Tuesday, May 16, 2017 by

infopreneur ebooks

We’ve already covered what an infopreneur is and why it’s a form of entrepreneurship that can pay off for a lot of people. Successful infopreneurship depends on putting together information products that pack a lot of valuable information into the formats people like to consume their information in. And no matter how much content forms like videos and podcasts start to take off, people still like to read.

One of the most important formats entrepreneurs have to work with in building an information-based business is the ebook.

There are two ways for infopreneurs to use ebooks to build their business:

  • As a free product you offer website visitors in order to build your email list and help grow their trust in your brand.
  • As an information product you sell to make money for your business.
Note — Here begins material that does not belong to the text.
(* Let $P_1$ and $P_2$ be finite semipure posets of the same length, and assume $P_2$ has a minimum element $\hat 0_2$. Let $\lambda_1:\mathrm{Cov}(\hat P_1)\to L_1$ be an EL-labeling of $\hat P_1$, whose adjoined minimum and maximum are denoted $\hat 0_1,\hat 1_1$, and let $\lambda_2:\mathrm{Cov}(P_2)\to L_2$ be a semi-EL-labeling of $P_2$. Let $L_2\uplus\{\hat 0_{L_2}\}$ be the poset $L_2$ with a new minimum element $\hat 0_{L_2}$ adjoined, and give $L_1\times(L_2\uplus\{\hat 0_{L_2}\})$ the componentwise (product) order. Denote the minimum of $\widehat{P_1*P_2}$ by $(\hat 0_1,\hat 0_2)$ and its maximum by $\hat 1$. Define $\lambda:\mathrm{Cov}(\widehat{P_1*P_2})\to L_1\times(L_2\uplus\{\hat 0_{L_2}\})$ as follows: for a cover $(x,k)\lessdot(y,l)$ with $(y,l)\neq\hat 1$ (where $(x,k)$ may be the minimum $(\hat 0_1,\hat 0_2)$), $$\lambda((x,k),(y,l))=\begin{cases}(\lambda_1(x,y),\lambda_2(k,l)) & \text{if } k<_{P_2} l,\\ (\lambda_1(x,y),\hat 0_{L_2}) & \text{if } k=l,\end{cases}$$ and for a cover $(x,k)\lessdot\hat 1$, $\lambda((x,k),\hat 1)=(\lambda_1(x,\hat 1_1),\hat 0_{L_2})$. Then $\lambda$ is an EL-labeling of $\widehat{P_1*P_2}$.
   Context: All posets are finite. A poset $P$ is semipure if for every $x\in P$ all maximal chains of $P_{\le x}=\{y\in P:y\le x\}$ have the same length; this length is the rank $r_P(x)$. For semipure $P,Q$, the Rees product $P*Q$ is the set $\{(p,q)\in P\times Q: r_P(p)\ge r_Q(q)\}$ ordered by $(p_1,q_1)\le(p_2,q_2)$ iff $p_1\le_P p_2$, $q_1\le_Q q_2$ and $r_P(p_2)-r_P(p_1)\ge r_Q(q_2)-r_Q(q_1)$; equivalently $(p_2,q_2)$ covers $(p_1,q_1)$ iff $p_2$ covers $p_1$ in $P$ and either $q_2=q_1$ or $q_2$ covers $q_1$ in $Q$. For any poset $P$, $\hat P$ denotes $P$ with a new minimum $\hat 0$ and a new maximum $\hat 1$ adjoined (even if $P$ already has such elements). $\mathrm{Cov}(P)$ is the set of pairs $(x,y)$ with $y$ covering $x$. For a poset $L$, sequences over $L$ are compared lexicographically: $(a_1,\dots,a_m)\prec(b_1,\dots,b_m)$ if at the first index $i$ with $a_i\ne b_i$ we have $a_i<b_i$. An edge labeling of a bounded poset $P$ is a map $\lambda:\mathrm{Cov}(P)\to L$; the label sequence of a saturated chain $x_1<\dots<x_m$ is $(\lambda(x_1,x_2),\dots,\lambda(x_{m-1},x_m))$, and the chain is weakly increasing if $\lambda(x_i,x_{i+1})\le\lambda(x_{i+1},x_{i+2})$ for all $i$. $\lambda$ is an EL-labeling if for every $x<y$ in $P$ there is a unique weakly increasing maximal chain $C$ of $[x,y]$ and its label sequence lexicographically precedes ($\prec$) the label sequence of every other maximal chain of $[x,y]$. If $P$ has a minimum $\hat 0$, an edge labeling of $P$ is a semi-EL-labeling if its restriction to $[\hat 0,m]$ is an EL-labeling for every maximal element $m$ of $P$. *)

theory Defs
  imports Main "HOL-Library.Product_Order" "HOL-Library.Option_ord"
begin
Some infopreneurs use ebooks for both purposes. Chris Guillebeau offers a few free ebooks he calls manifestos that help curious people learn more about what his brand stands for.

Manifestos

Many of the people that start with his manifestos then go on to read one (or more) of the books he has for sale that expand on the topics he covers in his free ebooks.

Another option is to use your ebooks to sell other information products. That’s one way Mirasee uses theirs. On their website, the first things you see on the homepage are a sign-up prompt for a training session they’re offering, with a trio of free ebooks available for download below. For visitors not quite ready to commit to the paid training session, they have a free option to start with that provides value in and of itself and can help them decide if Mirasee’s paid resources are for them.

Mirasee

And, of course, you can use other information products to help sell your ebooks. Crazy Little Projects provides sewing tutorials and project ideas as a way to help promote the brand’s ebook on learning how to sew.

Crazy Little Projects

Finding the right mix between the free informational products you use for promotion and the ones you sell to make money is something every infopreneur will have to figure out on their own, but for a good number of infopreneurs, ebooks will play some role in the process.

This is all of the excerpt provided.